DALLAS — A seven-member panel studying high-speed rail service in north Texas plans to seek federal funding to begin development work on a line between Austin and Fort Worth, with possible extensions to Monterrey, Mexico and Oklahoma City.
The Commission for High-Speed Rail in Dallas/Fort Worth last week voted unanimously to apply for a $3 million grant from the Federal Railroad Administration for a route study. The north Texas rail panel was created earlier this year by the Texas Transportation Commission.
The proposed 200-mile line would parallel Interstate 35, with a possible stop in Waco, Texas. The line could later be extended to north to Oklahoma City and south to San Antonio and Laredo, Texas. Eventually, a segment across the international border at Laredo would terminate at the industrial city of Monterrey in northern Mexico.
Extending the proposed intrastate high-speed rail line into Mexico and across the Red River into Oklahoma could help the project qualify for federal funding, said Bill Meadows, chairman of the commission and a former Fort Worth city councilman.
"What began as a fuzzy concept is beginning to take shape and form," Meadows said at the commission's meeting in Dallas.
Meanwhile, the rail commission will use an earlier federal grant to study a bullet train link from Fort Worth to Dallas to connect the Austin-Fort Worth system with a privately financed high-speed line between Houston and Dallas. That 230-mile segment is expected to be completed by Texas Central Railway in 2021.
The cost of the proposed 30-mile high-speed connection between Fort Worth and Dallas, with a stop at the sports and entertainment district in Arlington, is estimated to cost $2.5 billion to $4 billion.
Construction of the San Antonio-Fort Worth high-speed rail line is years away, said Peter LeCody, president of the Dallas-based Texas Rail Advocates group, but the route study is a good start.
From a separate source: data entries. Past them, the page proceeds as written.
lemma classR_taylor_coeffs:
  assumes "classR f"
  shows "taylor_coeff f 2 = taylor_coeff (schwarz_of f) 1"
    and "taylor_coeff f 3 = 2 * (taylor_coeff (schwarz_of f) 2 + (taylor_coeff (schwarz_of f) 1)^2) / 3"
proof -
  have holf: "f holomorphic_on ball 0 1" and d1: "deriv f 0 = 1"
    using assms by (auto simp: classR_def)
  have holw: "schwarz_of f holomorphic_on ball 0 1"
    using classR_schwarz_function[OF assms] by (simp add: schwarz_function_def)
  define F where "F = fps_expansion f 0"
  define W where "W = fps_expansion (schwarz_of f) 0"
  have hF: "f has_fps_expansion F"
    unfolding F_def using holf by (intro has_fps_expansion_fps_expansion) auto
  have hW: "schwarz_of f has_fps_expansion W"
    unfolding W_def using holw by (intro has_fps_expansion_fps_expansion) auto
  have hP: "deriv f has_fps_expansion fps_deriv F"
    by (rule has_fps_expansion_deriv[OF hF])
  have ev: "eventually (\<lambda>z. schwarz_of f z * (deriv f z + 1) = deriv f z - 1) (nhds 0)"
    by (rule eventually_nhds_0_of_unit_ball)
       (simp add: schwarz_of_def classR_deriv_add_one_nonzero[OF assms])
  have "(\<lambda>z. schwarz_of f z * (deriv f z + 1)) has_fps_expansion W * (fps_deriv F + 1)"
    by (intro fps_expansion_intros hW hP)
  moreover have "(\<lambda>z. deriv f z - 1) has_fps_expansion fps_deriv F - 1"
    by (intro fps_expansion_intros hP)
  then have "(\<lambda>z. schwarz_of f z * (deriv f z + 1)) has_fps_expansion fps_deriv F - 1"
    using has_fps_expansion_cong[OF ev refl] by blast
  ultimately have "W * (fps_deriv F + 1) = fps_deriv F - 1"
    by (rule fps_expansion_unique_complex)
  moreover have "fps_nth (fps_deriv F) 0 = 1"
    using taylor_coeff_eq_fps_nth[OF hP, of 0] d1 by simp
  ultimately have "fps_nth (fps_deriv F) 1 = 2 * fps_nth W 1"
    "fps_nth (fps_deriv F) 2 = 2 * fps_nth W 2 + 2 * (fps_nth W 1)^2"
    by (rule fps_cayley_coeffs)+
  moreover have "fps_nth (fps_deriv F) 1 = 2 * taylor_coeff f 2" "fps_nth (fps_deriv F) 2 = 3 * taylor_coeff f 3"
    by (simp_all add: taylor_coeff_eq_fps_nth[OF hF] numeral_2_eq_2 numeral_3_eq_3)
  ultimately show "taylor_coeff f 2 = taylor_coeff (schwarz_of f) 1"
    "taylor_coeff f 3 = 2 * (taylor_coeff (schwarz_of f) 2 + (taylor_coeff (schwarz_of f) 1)^2) / 3"
    by (simp_all add: taylor_coeff_eq_fps_nth[OF hW])
qed

lemma schwarz_function_imp_classR:
  assumes "schwarz_function w"
  obtains f where "classR f" "\<And>z. z \<in> ball 0 1 \<Longrightarrow> schwarz_of f z = w z"
proof -
  have hol: "w holomorphic_on ball 0 1" and w0: "w 0 = 0" and lt: "\<And>z. z \<in> ball 0 1 \<Longrightarrow> norm (w z) < 1"
    using assms by (auto simp: schwarz_function_def)
  have nz: "1 - w z \<noteq> 0" if "z \<in> ball 0 1" for z
    using lt[OF that] by auto
  define p where "p z = (1 + w z) / (1 - w z)" for z
  have "p holomorphic_on ball 0 1"
    unfolding p_def using hol nz by (auto intro!: holomorphic_intros)
  then obtain g where g: "\<And>z. z \<in> ball 0 1 \<Longrightarrow> (g has_field_derivative p z) (at z within ball 0 1)"
    using holomorphic_convex_primitive'[OF convex_ball open_ball] by blast
  define f where "f z = g z - g 0" for z
  have df: "(f has_field_derivative p z) (at z)" if "z \<in> ball 0 1" for z
    using g[OF that] at_within_open[OF that open_ball] unfolding f_def[abs_def]
    by (auto intro!: derivative_eq_intros)
  have deq: "deriv f z = p z" if "z \<in> ball 0 1" for z
    using df[OF that] by (rule DERIV_imp_deriv)
  show ?thesis
  proof
    show "classR f"
      unfolding classR_def
    proof (intro conjI ballI)
      show "f holomorphic_on ball 0 1"
        unfolding holomorphic_on_open[OF open_ball] using df by blast
      show "f 0 = 0" "deriv f 0 = 1"
        using deq[of 0] by (simp_all add: f_def p_def w0)
      show "0 < Re (deriv f z)" if "z \<in> ball 0 1" for z
        using deq[OF that] Re_cayley_pos[OF lt[OF that]] by (simp add: p_def)
    qed
    show "schwarz_of f z = w z" if "z \<in> ball 0 1" for z
    proof -
      have "deriv f z + 1 = 2 / (1 - w z)" "deriv f z - 1 = 2 * w z / (1 - w z)"
        using deq[OF that] nz[OF that] by (simp_all add: p_def field_simps)
      then show ?thesis
        using nz[OF that] by (simp add: schwarz_of_def)
    qed
  qed
qed

definition schwarz_gap :: "complex \<Rightarrow> complex \<Rightarrow> real" where
  "schwarz_gap c1 c2 = norm (4 * c1^2 - 2 * c2) / 3 - norm c1"

lemma classR_inverse_coeff_gap:
  assumes "classR f"
  shows "cmod (invA3 f) - cmod (invA2 f) =
           schwarz_gap (taylor_coeff (schwarz_of f) 1) (taylor_coeff (schwarz_of f) 2)"
proof -
  have A3: "invA3 f = (4 * (taylor_coeff (schwarz_of f) 1)^2 - 2 * taylor_coeff (schwarz_of f) 2) / 3"
    by (simp add: invA3_def classR_taylor_coeffs[OF assms] field_simps)
  have "cmod (invA3 f) = norm (4 * (taylor_coeff (schwarz_of f) 1)^2 - 2 * taylor_coeff (schwarz_of f) 2) / 3"
    unfolding A3 by (simp add: norm_divide)
  then show ?thesis
    by (simp add: schwarz_gap_def invA2_def classR_taylor_coeffs[OF assms])
qed
text \<open>Vertices: the finite type 'n (standing for [n]).  The z-coordinates are indexed by all
  subsets of the vertices; coordinates not corresponding to an edge are fixed to 0.\<close>

definition simple_edges :: "'n set set \<Rightarrow> bool" where
  "simple_edges E \<longleftrightarrow> (\<forall>e\<in>E. \<exists>i j. i \<noteq> j \<and> e = {i, j})"

definition edge_lift :: "'n::finite set set \<Rightarrow> real^'n \<Rightarrow> real^('n set) \<Rightarrow> bool" where
  "edge_lift E x z \<longleftrightarrow> (\<forall>i j. {i, j} \<in> E \<longrightarrow> z $ {i, j} = x $ i * x $ j) \<and> (\<forall>e. e \<notin> E \<longrightarrow> z $ e = 0)"

definition QP :: "'n::finite set set \<Rightarrow> ((real^'n) \<times> (real^('n set))) set" where
  "QP E = convex hull {(x, z). (\<forall>i. x $ i \<in> {0, 1}) \<and> edge_lift E x z}"

definition qG :: "'n::finite set set \<Rightarrow> ('n set \<Rightarrow> real) \<Rightarrow> ('n \<Rightarrow> real) \<Rightarrow> real \<Rightarrow> real^'n \<Rightarrow> real" where
  "qG E a c c0 x = (\<Sum>e\<in>E. a e * (\<Prod>i\<in>e. x $ i)) + (\<Sum>i\<in>UNIV. c i * x $ i) + c0"

definition GG :: "'n::finite set set \<Rightarrow> ('n set \<Rightarrow> real) \<Rightarrow> ('n \<Rightarrow> real) \<Rightarrow> real
    \<Rightarrow> (real \<times> (real^'n) \<times> (real^('n set))) set" where
  "GG E a c c0 = {(1 / qG E a c c0 x) *\<^sub>R (1, x, z) | x z.
      (\<forall>i. 0 \<le> x $ i \<and> x $ i \<le> 1) \<and> edge_lift E x z}"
"There are plenty of signs that we're finally becoming a multimodal society in Texas," LeCody said, noting that Texas Department of Transportation did not even have a rail division until 2009.
There are no cost estimates yet for the proposed rail segment, he said, except that it will cost billions of dollars. The state may consider several options to help finance the project, LeCody said.
"It could lead to a private enterprise, a public-private partnership, or an all-public venture," he said.
Texas Department of Transportation has an 18-month study under way on the feasibility of a number of high-speed rail corridors in the state, said deputy executive director John Barton.
"The population of Texas is estimated to be doubling between now and the year 2050," Barton said. "We can't build our way out of those challenges with more roads and bridges only."
Ted Houghton, chairman of Texas Transportation Commission, said he was confident the Houston-Dallas proposal will become a reality. There will be a single stop at College Station between the two cities, he said.
The privately financed Houston-to-Dallas rail line that Texas Central Railway intends to build is expected to cost $10 billion. The company is working with Japan Central Railway Co. to use the same bullet train technology as the Japanese company uses on its high-speed line between Tokyo and Osaka.
The Houston-Dallas line will generate enough revenue to cover operating costs from the first day of service, said Robert Eckels, president of the Texas Central Railway and former chairman of the Harris County Toll Road Authority.
"We believe the market will support this project," said Eckels. "We have investors and lenders who believe that as well. We're not seeking state or federal grants or operating subsidies."